同志社国際高校の会見によれば、「抗議船に生徒を乗せて海上から見学させる」というスタイルの平和学習については、今回お亡くなりになった船長が、高校側に提案をして3年前から始まったという。

 サラッと言ってのけているが、これはかなりレアケースと言っていい。

 一般的な高校では、反基地運動をしている人たちから「お宅の生徒さんたちを抗議船に乗せて平和学習させませんか」という企画の売り込みがきても「いいですね、ぜひぜひ」とはならず慎重な姿勢を取る。

なぜ同志社国際高校は
生徒を抗議船に乗せたのか

 まず、実際に抗議運動をしている人たちの一方的な主張を聞くということを、学校の研修旅行に組み入れることは、一種の「イデオロギー教育」と受け取られる恐れもある。政治信条はそれぞれなので、「いい教育だ」と喜ぶ保護者もいれば、嫌がる保護者もいる。

 このセンシティブな問題をクリアできたとして、次に「わざわざ抗議船に乗る必要はあるのか」という難問がある。

 たとえば、辺野古反基地運動を応援・連帯している生活協同組合は毎年春に平和学習ツアーを開催しているのだが、そこでやっているのは辺野古の海岸で「抗議をしている人の話を聞く」ということまでだ。

 では、なぜ同志社国際高校は船長に提案されるまま、かなり踏み込んだ「抗議船ツアー」に踏み切ったのかというと、船長との間に「強固な信頼関係」があったからだ。

 実はこの船長、沖縄県南城市で牧師を務めており、日本基督教団というプロテスタント系の団体に所属していた。同志社も牧師と同じプロテスタントの伝統を受け継いでいる。同じ信仰をもつ仲間が生涯をかけて挑んでいる「反戦平和運動」への深い理解・共感があったということなのだ。

 素晴らしい関係だと思うかもしれないが、この「強固な信頼関係」が今回の悲劇を招いてしまった側面もある。

 先ほど述べたように、同志社国際高校は、小型船の登録、保険などについてこの船長にまったく確認していなかった。事故当日、波浪警報が出て地元の漁師は危ないから出港しないという状況だったが、すべて船長の判断にお任せだったという。

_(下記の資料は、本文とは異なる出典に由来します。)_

text \<open>
  In an equidistant linear code with distance 2 every nontrivial codeword is a plane (distance
  2 from the zero space), and any two of them meet in a line. Such a family of planes either
  contains a common line, and then has at most as many members as there are planes through a
  line, namely N = (q^(n-1) - 1)/(q - 1); or it lies in a 3-dimensional space, and then it has
  at most q^2 + q + 1 \<le> N members since n \<ge> 4. The code is an abelian group in which
  every element is its own inverse, so by Sylow's theorem its size is a power of 2; hence it
  has at most 2^\<lfloor>log2 (N + 1)\<rfloor> elements. Conversely, any 2^K - 1 planes through
  a fixed line, together with the zero space, are pairwise at distance 2, and symmetric
  difference on the subsets of a K-element set, transported along a bijection, turns every
  equidistant family of 2^K subspaces containing the zero space into a linear code.
\<close>

section \<open>Counting subspaces over a finite field\<close>

lemma card_span_independent:
  fixes B :: "('a::{finite,field}^'n::finite) set"
  assumes "vec.independent B"
  shows "card (vec.span B) = CARD('a) ^ card B"
proof -
  have "finite B" by simp
  then show ?thesis using assms
  proof (induction B rule: finite_induct)
    case empty
    then show ?case by simp
  next
    case (insert b B)
    have indep: "vec.independent B" using insert.prems vec.independent_mono by blast
    have b_notin: "b \<notin> vec.span B"
      using insert.prems insert.hyps(2) by (simp add: vec.independent_insert)
    define f where "f = (\<lambda>(c, y). c *s b + y)"
    have "vec.span (insert b B) = f ` (UNIV \<times> vec.span B)"
    proof (intro equalityI subsetI)
      fix x assume "x \<in> vec.span (insert b B)"
      then obtain c where "x - c *s b \<in> vec.span B" using vec.span_breakdown_eq by blast
      then show "x \<in> f ` (UNIV \<times> vec.span B)"
        unfolding f_def by (intro image_eqI[of _ _ "(c, x - c *s b)"]) auto
    next
      fix x assume "x \<in> f ` (UNIV \<times> vec.span B)"
      then obtain c y where "x = c *s b + y" "y \<in> vec.span B" unfolding f_def by auto
      moreover have "y \<in> vec.span (insert b B)"
        using \<open>y \<in> vec.span B\<close> vec.span_mono[of B "insert b B"] by blast
      moreover have "b \<in> vec.span (insert b B)" by (simp add: vec.span_base)
      ultimately show "x \<in> vec.span (insert b B)" by (simp add: vec.span_add vec.span_scale)
    qed
    moreover have "inj_on f (UNIV \<times> vec.span B)"
    proof (rule inj_onI, clarify)
      fix c y c' y'
      assume y: "y \<in> vec.span B" "y' \<in> vec.span B" and eq: "f (c, y) = f (c', y')"
      have "(c - c') *s b = (c *s b + y) - (c' *s b + y)" by simp
      also have "\<dots> = y' - y" using eq by (simp add: f_def)
      finally have "(c - c') *s b \<in> vec.span B" using vec.span_diff[OF y(2) y(1)] by simp
      have "c = c'"
      proof (rule ccontr)
        assume "c \<noteq> c'"
        then have "inverse (c - c') * (c - c') = 1" by simp
        then have "b = inverse (c - c') *s ((c - c') *s b)" by (simp only: vec.scale_scale vec.scale_one)
        also have "\<dots> \<in> vec.span B" using \<open>(c - c') *s b \<in> vec.span B\<close> by (rule vec.span_scale)
        finally show False using b_notin by simp
      qed
      then show "c = c' \<and> y = y'" using eq by (simp add: f_def)
    qed
    ultimately have "card (vec.span (insert b B)) = CARD('a) * card (vec.span B)"
      by (simp add: card_image card_cartesian_product)
    then show ?case using insert.IH[OF indep] insert.hyps by simp
  qed
qed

 つまり、同志社国際高校は「強固な信頼関係」があるということに甘えて、安全から危機管理、そして責任まですべてを亡くなった船長に「丸投げ」していた状態だったのだ。

 しかし、残念ながら船長は、そういう「丸投げ」を受け止められる存在ではなかった。自分から「抗議船ツアー」を提案しておきながら、船舶の事業登録をしていなかったり保険に入っていなかったりしたことからもわかるように、「ルール無視」の傾向があったのだ。